── Given records ──

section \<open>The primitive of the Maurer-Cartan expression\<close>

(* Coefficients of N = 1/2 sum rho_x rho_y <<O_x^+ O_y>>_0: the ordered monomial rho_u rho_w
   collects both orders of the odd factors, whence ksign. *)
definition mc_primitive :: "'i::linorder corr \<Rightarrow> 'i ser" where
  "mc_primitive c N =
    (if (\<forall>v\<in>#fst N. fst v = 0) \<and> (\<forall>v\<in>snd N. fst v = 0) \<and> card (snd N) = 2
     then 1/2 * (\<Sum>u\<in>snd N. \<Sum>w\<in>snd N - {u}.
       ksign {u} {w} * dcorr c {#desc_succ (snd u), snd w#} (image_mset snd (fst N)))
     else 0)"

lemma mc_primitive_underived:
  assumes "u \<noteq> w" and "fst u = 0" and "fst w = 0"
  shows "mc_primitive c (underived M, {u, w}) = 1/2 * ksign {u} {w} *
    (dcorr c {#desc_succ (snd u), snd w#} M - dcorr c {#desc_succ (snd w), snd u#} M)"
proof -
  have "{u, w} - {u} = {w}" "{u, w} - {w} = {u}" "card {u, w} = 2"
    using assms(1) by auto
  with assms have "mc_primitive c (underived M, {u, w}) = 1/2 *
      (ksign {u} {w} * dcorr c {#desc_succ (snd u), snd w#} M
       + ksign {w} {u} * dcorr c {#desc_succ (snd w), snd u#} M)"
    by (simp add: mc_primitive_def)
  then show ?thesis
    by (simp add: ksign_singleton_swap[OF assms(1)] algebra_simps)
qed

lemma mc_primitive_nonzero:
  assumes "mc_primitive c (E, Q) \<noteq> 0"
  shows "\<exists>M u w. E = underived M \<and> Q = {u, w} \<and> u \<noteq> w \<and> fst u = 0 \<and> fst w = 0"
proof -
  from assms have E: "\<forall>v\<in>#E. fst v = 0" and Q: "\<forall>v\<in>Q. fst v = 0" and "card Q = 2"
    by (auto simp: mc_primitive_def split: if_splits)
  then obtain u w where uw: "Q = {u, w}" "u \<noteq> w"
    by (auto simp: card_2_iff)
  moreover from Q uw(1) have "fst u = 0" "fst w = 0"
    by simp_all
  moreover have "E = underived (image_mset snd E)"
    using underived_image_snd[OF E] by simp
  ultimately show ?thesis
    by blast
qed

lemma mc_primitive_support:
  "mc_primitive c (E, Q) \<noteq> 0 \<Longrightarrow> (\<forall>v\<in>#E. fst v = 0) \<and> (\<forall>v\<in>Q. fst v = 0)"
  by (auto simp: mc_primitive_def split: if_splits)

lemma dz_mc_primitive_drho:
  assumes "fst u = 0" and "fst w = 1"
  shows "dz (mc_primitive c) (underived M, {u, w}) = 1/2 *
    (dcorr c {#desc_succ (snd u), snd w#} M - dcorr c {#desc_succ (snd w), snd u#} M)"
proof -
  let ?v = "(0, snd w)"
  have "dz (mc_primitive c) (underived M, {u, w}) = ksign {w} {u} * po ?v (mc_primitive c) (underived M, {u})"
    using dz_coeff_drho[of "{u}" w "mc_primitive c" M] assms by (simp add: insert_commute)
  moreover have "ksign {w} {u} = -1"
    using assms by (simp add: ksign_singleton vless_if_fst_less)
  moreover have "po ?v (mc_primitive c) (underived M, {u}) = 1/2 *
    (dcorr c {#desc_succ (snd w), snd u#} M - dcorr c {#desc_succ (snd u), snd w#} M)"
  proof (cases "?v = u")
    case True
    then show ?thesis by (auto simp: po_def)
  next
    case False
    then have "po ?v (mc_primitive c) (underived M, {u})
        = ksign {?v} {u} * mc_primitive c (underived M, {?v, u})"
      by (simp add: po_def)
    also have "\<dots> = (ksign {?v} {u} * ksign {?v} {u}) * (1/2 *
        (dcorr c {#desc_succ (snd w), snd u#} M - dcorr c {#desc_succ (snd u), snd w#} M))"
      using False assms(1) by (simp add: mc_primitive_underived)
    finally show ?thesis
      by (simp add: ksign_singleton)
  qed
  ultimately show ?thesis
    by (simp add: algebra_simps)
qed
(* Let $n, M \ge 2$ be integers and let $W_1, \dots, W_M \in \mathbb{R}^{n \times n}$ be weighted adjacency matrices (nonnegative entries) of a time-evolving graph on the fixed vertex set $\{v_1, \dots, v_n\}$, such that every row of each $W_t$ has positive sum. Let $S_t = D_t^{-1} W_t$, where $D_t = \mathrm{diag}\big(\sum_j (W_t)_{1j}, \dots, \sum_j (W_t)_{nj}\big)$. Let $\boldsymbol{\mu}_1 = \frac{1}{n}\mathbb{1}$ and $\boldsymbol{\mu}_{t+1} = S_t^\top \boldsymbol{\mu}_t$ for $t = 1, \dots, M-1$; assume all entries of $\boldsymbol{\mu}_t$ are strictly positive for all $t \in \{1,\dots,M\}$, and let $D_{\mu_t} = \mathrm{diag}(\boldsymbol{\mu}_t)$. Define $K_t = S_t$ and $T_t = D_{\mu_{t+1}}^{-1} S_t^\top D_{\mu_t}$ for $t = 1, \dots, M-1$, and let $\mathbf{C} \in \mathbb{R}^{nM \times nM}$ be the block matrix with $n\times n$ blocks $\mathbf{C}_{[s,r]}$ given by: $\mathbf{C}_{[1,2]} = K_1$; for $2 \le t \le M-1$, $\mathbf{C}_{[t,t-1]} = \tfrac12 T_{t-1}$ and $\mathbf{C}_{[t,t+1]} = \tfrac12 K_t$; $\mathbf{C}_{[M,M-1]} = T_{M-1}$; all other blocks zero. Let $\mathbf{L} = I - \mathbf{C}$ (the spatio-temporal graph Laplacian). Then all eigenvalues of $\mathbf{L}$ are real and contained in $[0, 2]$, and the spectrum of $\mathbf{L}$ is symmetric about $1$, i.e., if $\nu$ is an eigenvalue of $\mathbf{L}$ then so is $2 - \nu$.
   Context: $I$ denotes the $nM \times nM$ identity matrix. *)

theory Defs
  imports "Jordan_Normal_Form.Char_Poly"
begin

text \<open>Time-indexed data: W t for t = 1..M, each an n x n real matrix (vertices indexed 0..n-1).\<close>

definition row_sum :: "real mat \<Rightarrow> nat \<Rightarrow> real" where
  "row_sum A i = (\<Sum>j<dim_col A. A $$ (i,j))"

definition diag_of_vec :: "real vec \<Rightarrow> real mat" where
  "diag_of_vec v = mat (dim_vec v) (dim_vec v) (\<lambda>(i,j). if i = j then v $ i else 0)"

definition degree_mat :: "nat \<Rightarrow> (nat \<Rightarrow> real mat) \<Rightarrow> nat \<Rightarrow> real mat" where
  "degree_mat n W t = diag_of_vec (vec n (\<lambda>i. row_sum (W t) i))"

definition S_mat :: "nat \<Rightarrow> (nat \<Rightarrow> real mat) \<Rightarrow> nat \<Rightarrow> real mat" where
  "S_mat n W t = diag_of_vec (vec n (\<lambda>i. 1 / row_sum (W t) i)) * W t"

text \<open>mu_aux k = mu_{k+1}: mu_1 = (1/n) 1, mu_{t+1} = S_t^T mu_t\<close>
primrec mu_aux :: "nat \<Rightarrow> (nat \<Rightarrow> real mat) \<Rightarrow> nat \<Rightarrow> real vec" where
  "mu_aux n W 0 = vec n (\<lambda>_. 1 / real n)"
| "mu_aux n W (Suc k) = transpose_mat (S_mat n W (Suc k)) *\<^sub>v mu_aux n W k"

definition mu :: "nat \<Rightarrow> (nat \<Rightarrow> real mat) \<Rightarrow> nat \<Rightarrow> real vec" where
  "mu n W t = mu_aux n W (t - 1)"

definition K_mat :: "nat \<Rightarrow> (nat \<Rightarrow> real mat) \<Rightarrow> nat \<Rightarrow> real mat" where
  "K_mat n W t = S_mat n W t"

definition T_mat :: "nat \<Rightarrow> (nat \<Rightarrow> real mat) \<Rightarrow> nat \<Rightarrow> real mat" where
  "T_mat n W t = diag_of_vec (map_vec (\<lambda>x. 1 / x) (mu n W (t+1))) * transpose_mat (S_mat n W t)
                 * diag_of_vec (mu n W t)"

───

Each line of the records above, from the first through the one containing "(if (\<forall>v\<in>#fst N.", is to be retyped exactly; no other line belongs.

*Expected answer*.
section \<open>The primitive of the Maurer-Cartan expression\<close>

(* Coefficients of N = 1/2 sum rho_x rho_y <<O_x^+ O_y>>_0: the ordered monomial rho_u rho_w
   collects both orders of the odd factors, whence ksign. *)
definition mc_primitive :: "'i::linorder corr \<Rightarrow> 'i ser" where
  "mc_primitive c N =
    (if (\<forall>v\<in>#fst N. fst v = 0) \<and> (\<forall>v\<in>snd N. fst v = 0) \<and> card (snd N) = 2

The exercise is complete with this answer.